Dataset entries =

..............................

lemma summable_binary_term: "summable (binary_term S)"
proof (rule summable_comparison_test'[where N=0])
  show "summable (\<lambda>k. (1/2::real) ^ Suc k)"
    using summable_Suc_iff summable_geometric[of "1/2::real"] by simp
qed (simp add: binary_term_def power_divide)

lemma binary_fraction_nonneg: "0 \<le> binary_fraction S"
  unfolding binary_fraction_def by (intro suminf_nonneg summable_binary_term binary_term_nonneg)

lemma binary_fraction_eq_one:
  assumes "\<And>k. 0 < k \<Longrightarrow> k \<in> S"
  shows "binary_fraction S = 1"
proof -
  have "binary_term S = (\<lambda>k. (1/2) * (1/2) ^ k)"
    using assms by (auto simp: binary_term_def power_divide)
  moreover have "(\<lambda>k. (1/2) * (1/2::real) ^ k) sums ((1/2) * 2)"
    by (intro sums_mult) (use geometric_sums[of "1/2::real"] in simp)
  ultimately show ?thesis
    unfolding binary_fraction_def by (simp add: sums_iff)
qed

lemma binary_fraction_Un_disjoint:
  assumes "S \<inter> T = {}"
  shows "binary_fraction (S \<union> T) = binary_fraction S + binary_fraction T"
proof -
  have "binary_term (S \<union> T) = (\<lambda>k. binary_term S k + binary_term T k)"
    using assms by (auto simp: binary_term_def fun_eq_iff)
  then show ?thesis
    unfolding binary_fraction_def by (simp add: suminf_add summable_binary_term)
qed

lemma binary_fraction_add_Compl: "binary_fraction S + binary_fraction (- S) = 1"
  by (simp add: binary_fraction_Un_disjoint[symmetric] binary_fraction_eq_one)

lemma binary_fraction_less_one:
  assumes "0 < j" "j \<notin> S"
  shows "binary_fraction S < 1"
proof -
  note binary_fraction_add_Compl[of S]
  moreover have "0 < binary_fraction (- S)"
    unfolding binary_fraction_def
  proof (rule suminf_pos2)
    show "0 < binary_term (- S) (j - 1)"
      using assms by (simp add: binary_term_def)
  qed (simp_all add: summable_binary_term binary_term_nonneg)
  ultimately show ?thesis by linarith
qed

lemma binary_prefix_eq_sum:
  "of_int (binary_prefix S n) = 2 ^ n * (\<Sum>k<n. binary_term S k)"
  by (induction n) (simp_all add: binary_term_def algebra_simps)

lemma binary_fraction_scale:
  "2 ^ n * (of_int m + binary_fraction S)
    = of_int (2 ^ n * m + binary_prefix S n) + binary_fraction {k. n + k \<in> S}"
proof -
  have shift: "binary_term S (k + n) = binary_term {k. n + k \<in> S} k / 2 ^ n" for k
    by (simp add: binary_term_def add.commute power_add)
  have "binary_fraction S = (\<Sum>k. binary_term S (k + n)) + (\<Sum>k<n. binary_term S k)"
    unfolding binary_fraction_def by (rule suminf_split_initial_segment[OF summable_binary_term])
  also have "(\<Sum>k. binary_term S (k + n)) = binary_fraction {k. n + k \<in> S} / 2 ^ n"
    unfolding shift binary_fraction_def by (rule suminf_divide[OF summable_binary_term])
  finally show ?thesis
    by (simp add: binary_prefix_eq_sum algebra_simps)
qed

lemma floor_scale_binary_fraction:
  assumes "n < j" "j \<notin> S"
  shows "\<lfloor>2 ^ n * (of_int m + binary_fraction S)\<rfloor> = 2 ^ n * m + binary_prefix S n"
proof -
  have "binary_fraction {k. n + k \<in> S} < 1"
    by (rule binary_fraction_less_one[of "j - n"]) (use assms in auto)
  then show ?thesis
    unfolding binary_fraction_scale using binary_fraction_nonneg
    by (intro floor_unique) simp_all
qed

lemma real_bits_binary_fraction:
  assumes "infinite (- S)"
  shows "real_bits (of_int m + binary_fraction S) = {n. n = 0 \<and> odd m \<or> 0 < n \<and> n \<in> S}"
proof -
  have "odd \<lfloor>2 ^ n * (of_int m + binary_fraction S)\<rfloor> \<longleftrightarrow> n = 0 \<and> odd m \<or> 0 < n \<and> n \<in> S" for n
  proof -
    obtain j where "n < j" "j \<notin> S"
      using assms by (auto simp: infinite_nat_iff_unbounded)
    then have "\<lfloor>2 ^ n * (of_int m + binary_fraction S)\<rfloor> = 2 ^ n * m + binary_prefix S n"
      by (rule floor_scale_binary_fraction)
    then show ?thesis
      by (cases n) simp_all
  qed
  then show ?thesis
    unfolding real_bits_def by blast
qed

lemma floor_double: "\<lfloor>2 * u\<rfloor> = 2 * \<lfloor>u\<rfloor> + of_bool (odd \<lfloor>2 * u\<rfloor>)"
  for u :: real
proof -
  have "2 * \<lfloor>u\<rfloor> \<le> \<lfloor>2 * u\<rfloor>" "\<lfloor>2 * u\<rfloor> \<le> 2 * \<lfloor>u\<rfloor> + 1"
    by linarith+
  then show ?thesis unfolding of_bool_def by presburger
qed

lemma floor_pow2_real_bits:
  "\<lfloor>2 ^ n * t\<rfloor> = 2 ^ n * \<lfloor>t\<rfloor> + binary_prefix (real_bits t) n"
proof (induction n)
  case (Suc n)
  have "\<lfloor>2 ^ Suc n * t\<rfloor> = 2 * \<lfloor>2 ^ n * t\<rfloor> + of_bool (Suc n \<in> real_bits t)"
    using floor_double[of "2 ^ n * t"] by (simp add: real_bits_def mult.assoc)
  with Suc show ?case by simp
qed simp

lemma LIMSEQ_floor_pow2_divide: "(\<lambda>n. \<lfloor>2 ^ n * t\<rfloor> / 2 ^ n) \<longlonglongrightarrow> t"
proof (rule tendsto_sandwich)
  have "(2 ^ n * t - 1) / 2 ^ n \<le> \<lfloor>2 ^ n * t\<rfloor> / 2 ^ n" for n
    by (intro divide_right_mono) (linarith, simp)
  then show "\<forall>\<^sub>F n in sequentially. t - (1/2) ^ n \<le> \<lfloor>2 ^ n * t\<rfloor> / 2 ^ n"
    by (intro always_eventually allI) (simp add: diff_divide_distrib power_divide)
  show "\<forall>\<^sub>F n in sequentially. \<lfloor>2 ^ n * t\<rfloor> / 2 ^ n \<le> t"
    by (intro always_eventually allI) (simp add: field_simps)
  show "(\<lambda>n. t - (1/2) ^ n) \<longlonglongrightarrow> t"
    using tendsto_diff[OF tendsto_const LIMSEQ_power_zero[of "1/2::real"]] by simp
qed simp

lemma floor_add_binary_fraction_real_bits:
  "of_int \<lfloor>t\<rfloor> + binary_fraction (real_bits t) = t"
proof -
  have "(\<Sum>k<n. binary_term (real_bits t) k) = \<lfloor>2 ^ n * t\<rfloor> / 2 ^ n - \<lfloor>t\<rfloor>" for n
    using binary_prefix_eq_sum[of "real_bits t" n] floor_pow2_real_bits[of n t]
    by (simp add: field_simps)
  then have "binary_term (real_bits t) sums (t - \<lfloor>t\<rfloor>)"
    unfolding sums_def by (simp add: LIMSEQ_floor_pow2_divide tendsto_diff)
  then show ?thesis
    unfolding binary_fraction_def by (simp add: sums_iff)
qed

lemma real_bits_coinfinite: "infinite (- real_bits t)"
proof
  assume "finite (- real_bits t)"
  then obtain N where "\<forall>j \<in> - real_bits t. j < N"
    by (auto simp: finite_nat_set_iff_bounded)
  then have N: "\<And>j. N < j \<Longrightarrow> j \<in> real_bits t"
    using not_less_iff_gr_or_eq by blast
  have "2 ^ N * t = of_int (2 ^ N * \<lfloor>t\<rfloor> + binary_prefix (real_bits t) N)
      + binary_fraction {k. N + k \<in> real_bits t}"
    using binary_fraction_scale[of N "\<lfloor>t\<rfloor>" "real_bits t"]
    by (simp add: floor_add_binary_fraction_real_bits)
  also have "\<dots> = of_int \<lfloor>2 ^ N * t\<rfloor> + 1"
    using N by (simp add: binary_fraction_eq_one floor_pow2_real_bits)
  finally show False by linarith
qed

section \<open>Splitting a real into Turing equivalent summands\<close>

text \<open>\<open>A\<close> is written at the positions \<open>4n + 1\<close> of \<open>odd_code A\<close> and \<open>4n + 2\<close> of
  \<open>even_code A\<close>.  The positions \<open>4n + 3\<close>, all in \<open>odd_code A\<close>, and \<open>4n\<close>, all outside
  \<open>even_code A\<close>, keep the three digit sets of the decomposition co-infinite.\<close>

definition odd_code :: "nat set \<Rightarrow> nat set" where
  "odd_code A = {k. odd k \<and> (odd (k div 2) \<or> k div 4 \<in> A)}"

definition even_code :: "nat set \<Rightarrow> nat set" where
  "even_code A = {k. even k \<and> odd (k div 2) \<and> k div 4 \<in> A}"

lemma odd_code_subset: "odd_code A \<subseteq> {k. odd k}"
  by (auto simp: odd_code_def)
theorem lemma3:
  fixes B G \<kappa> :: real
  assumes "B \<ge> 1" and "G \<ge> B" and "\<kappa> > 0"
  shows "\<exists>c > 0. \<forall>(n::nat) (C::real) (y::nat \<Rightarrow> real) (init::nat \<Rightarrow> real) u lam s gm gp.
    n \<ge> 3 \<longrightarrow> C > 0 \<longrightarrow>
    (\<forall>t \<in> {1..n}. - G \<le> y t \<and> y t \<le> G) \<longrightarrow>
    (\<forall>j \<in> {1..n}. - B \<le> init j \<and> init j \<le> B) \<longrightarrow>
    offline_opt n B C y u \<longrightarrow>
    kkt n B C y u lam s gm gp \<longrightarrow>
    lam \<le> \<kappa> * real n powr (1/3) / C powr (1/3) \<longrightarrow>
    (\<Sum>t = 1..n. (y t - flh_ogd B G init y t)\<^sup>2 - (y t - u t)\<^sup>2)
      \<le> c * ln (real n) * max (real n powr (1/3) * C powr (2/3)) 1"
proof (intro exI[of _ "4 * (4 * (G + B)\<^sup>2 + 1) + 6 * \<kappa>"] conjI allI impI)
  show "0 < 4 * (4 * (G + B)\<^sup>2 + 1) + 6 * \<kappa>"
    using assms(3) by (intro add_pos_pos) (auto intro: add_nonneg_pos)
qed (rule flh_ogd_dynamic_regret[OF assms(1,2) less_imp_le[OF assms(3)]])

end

..............................

Instructions to follow =
Where the data above reaches the line holding "unfolding sums_def by", begin printing, and stop after the line holding "< j \<Longrightarrow>". Each line must be reproduced exactly, with nothing else added.

Exercise result =
    unfolding sums_def by (simp add: LIMSEQ_floor_pow2_divide tendsto_diff)
  then show ?thesis
    unfolding binary_fraction_def by (simp add: sums_iff)
qed

lemma real_bits_coinfinite: "infinite (- real_bits t)"
proof
  assume "finite (- real_bits t)"
  then obtain N where "\<forall>j \<in> - real_bits t. j < N"
    by (auto simp: finite_nat_set_iff_bounded)
  then have N: "\<And>j. N < j \<Longrightarrow> j \<in> real_bits t"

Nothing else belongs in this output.